TASK INSTRUCTIONS -> The string "close" appears in some lines of the entries that follow; copy each such line.

>>>>

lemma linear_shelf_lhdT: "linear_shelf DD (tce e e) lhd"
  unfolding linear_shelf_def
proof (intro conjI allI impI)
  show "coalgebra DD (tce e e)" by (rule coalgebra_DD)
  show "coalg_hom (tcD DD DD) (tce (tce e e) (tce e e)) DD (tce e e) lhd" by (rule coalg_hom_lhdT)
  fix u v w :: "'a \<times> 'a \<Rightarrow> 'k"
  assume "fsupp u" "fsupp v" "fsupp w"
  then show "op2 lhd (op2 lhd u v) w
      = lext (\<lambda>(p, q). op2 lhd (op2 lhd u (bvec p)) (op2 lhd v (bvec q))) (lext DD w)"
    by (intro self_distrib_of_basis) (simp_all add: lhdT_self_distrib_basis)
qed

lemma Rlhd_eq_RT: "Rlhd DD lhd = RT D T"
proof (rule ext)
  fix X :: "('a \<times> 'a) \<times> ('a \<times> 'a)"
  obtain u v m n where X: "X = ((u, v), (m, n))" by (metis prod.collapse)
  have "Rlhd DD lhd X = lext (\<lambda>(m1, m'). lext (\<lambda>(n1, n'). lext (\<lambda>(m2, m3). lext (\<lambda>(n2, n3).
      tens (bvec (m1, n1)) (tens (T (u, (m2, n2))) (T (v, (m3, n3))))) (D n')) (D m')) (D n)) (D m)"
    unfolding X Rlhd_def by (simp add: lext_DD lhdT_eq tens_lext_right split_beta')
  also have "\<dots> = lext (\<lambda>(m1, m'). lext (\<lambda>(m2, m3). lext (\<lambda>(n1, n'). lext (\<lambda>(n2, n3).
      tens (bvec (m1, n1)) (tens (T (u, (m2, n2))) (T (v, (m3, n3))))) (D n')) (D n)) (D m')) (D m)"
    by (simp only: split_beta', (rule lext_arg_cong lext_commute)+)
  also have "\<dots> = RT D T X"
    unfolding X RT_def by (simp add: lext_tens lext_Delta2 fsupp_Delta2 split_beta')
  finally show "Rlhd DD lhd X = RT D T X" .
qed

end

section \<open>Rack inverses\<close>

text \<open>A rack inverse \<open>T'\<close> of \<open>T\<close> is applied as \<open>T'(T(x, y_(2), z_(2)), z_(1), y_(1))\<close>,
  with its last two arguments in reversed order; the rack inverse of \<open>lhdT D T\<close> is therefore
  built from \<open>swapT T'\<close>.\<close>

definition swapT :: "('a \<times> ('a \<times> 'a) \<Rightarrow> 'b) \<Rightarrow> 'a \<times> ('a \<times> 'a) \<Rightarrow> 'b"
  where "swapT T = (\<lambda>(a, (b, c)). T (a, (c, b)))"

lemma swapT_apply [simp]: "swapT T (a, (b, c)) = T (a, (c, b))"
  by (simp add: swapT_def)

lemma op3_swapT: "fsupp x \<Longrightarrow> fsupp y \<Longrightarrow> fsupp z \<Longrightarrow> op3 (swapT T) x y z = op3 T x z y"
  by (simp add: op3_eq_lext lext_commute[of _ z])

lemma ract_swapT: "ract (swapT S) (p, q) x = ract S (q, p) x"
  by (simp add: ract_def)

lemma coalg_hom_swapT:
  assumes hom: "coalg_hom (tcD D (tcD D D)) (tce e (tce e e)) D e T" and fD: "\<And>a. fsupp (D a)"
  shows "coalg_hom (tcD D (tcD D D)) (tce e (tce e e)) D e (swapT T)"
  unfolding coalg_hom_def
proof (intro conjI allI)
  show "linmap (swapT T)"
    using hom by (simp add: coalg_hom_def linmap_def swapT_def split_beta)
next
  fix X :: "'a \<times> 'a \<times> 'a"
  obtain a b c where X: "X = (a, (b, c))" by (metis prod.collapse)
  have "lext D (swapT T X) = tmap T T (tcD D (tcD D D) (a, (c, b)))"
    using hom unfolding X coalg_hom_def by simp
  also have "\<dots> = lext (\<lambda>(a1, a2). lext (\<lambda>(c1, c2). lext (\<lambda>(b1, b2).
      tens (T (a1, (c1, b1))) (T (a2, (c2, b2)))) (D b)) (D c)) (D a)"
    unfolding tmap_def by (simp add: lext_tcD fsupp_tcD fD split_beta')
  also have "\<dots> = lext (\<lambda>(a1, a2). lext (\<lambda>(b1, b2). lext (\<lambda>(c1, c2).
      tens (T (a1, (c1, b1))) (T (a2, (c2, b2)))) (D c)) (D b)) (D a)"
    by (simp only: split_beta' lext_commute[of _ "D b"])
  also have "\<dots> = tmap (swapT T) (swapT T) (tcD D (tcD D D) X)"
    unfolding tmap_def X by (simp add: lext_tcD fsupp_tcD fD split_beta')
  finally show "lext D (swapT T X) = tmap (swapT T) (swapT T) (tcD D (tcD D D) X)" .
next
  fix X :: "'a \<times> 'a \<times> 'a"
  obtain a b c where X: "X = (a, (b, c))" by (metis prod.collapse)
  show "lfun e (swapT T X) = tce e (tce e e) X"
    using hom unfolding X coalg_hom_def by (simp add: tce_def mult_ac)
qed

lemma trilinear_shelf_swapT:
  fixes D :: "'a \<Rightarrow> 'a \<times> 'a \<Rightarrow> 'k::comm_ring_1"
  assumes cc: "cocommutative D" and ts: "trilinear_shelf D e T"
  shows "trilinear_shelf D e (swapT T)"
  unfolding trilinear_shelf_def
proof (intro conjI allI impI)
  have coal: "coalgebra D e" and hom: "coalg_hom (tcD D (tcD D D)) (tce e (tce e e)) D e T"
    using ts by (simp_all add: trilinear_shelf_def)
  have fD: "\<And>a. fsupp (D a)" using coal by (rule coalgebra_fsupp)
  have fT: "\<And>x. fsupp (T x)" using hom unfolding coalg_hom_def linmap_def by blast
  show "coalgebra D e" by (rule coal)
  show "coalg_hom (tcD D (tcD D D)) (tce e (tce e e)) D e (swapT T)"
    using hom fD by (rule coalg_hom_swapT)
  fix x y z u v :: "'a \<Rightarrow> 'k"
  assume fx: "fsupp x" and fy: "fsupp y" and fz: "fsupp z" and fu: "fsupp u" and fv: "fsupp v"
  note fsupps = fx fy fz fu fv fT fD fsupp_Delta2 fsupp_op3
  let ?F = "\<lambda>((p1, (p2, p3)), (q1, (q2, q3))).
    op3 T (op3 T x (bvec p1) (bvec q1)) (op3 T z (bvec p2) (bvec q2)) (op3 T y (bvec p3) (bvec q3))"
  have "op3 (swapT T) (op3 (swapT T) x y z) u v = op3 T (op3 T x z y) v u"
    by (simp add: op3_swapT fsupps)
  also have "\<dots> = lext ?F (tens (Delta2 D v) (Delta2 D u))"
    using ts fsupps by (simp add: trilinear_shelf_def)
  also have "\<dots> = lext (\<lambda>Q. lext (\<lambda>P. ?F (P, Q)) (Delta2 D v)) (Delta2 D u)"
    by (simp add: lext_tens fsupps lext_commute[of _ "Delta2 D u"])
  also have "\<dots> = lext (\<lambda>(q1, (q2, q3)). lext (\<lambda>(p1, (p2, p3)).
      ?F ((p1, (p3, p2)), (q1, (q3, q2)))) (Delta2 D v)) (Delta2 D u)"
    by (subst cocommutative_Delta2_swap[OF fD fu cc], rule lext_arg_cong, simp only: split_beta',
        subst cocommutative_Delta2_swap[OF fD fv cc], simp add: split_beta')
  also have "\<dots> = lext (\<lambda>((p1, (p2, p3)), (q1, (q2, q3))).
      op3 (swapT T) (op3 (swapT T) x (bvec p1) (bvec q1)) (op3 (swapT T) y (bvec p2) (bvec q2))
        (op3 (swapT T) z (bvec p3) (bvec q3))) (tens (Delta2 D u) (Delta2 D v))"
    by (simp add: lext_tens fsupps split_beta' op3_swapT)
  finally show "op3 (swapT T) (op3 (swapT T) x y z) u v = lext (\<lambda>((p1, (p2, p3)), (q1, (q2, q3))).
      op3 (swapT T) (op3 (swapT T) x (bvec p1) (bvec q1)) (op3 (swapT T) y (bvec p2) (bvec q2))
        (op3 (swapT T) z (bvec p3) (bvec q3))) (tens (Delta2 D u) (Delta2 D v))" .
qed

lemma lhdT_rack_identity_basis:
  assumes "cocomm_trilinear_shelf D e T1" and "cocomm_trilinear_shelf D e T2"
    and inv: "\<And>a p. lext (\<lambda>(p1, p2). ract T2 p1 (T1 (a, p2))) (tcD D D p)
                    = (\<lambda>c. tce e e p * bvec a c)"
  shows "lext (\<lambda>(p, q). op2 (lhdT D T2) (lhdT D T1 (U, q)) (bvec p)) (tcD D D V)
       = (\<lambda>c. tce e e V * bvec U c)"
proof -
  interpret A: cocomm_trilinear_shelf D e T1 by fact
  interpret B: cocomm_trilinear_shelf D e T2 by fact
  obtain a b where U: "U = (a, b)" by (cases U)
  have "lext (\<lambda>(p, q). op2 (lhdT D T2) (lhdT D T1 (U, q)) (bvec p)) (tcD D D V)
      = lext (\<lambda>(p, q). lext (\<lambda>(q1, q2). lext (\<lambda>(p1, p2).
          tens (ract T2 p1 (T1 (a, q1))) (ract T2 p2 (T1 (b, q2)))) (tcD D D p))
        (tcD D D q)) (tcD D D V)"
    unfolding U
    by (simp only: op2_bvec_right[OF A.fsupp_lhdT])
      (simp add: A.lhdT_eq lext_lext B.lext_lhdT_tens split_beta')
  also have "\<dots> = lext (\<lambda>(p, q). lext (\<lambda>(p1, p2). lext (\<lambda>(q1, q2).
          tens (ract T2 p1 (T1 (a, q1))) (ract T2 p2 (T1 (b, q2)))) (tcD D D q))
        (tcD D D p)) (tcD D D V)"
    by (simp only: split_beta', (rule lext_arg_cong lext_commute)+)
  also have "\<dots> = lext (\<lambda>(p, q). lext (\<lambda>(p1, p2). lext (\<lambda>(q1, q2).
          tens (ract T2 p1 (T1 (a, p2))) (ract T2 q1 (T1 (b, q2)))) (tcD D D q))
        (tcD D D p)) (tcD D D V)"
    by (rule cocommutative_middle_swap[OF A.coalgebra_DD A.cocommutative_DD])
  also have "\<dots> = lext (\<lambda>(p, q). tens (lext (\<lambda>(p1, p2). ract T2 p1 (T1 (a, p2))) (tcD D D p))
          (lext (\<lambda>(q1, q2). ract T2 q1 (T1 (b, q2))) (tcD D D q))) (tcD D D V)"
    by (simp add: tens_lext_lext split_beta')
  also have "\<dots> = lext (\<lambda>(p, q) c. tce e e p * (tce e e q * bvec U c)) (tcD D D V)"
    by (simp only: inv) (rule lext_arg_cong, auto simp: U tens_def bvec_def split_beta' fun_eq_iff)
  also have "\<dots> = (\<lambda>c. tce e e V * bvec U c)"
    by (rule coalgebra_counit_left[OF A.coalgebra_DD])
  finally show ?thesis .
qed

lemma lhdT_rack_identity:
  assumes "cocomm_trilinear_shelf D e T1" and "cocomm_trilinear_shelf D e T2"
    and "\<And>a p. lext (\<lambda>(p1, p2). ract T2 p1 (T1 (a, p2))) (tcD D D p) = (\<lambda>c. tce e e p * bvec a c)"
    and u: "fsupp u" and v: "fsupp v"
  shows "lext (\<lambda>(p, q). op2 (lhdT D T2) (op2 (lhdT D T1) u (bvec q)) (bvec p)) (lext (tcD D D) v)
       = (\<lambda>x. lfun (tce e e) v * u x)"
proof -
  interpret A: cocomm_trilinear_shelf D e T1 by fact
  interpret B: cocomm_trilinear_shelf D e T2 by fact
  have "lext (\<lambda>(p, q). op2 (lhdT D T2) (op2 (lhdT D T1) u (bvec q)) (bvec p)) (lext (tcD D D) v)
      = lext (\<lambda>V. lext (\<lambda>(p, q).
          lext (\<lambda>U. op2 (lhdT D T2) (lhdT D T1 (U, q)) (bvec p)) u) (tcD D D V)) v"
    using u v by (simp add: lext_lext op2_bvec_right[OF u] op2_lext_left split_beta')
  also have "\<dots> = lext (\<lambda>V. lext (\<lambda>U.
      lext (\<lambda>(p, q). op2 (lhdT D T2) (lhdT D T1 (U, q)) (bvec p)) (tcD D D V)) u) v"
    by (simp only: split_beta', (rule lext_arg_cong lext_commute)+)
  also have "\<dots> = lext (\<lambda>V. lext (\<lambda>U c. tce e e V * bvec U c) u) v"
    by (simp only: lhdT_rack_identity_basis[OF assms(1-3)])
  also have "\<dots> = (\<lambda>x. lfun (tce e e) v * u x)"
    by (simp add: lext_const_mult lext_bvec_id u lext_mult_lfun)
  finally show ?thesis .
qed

<<<<

RESULT OF THE TASK ->
section \<open>Rack inverses\<close>
text \<open>A rack inverse \<open>T'\<close> of \<open>T\<close> is applied as \<open>T'(T(x, y_(2), z_(2)), z_(1), y_(1))\<close>,
  with its last two arguments in reversed order; the rack inverse of \<open>lhdT D T\<close> is therefore
  built from \<open>swapT T'\<close>.\<close>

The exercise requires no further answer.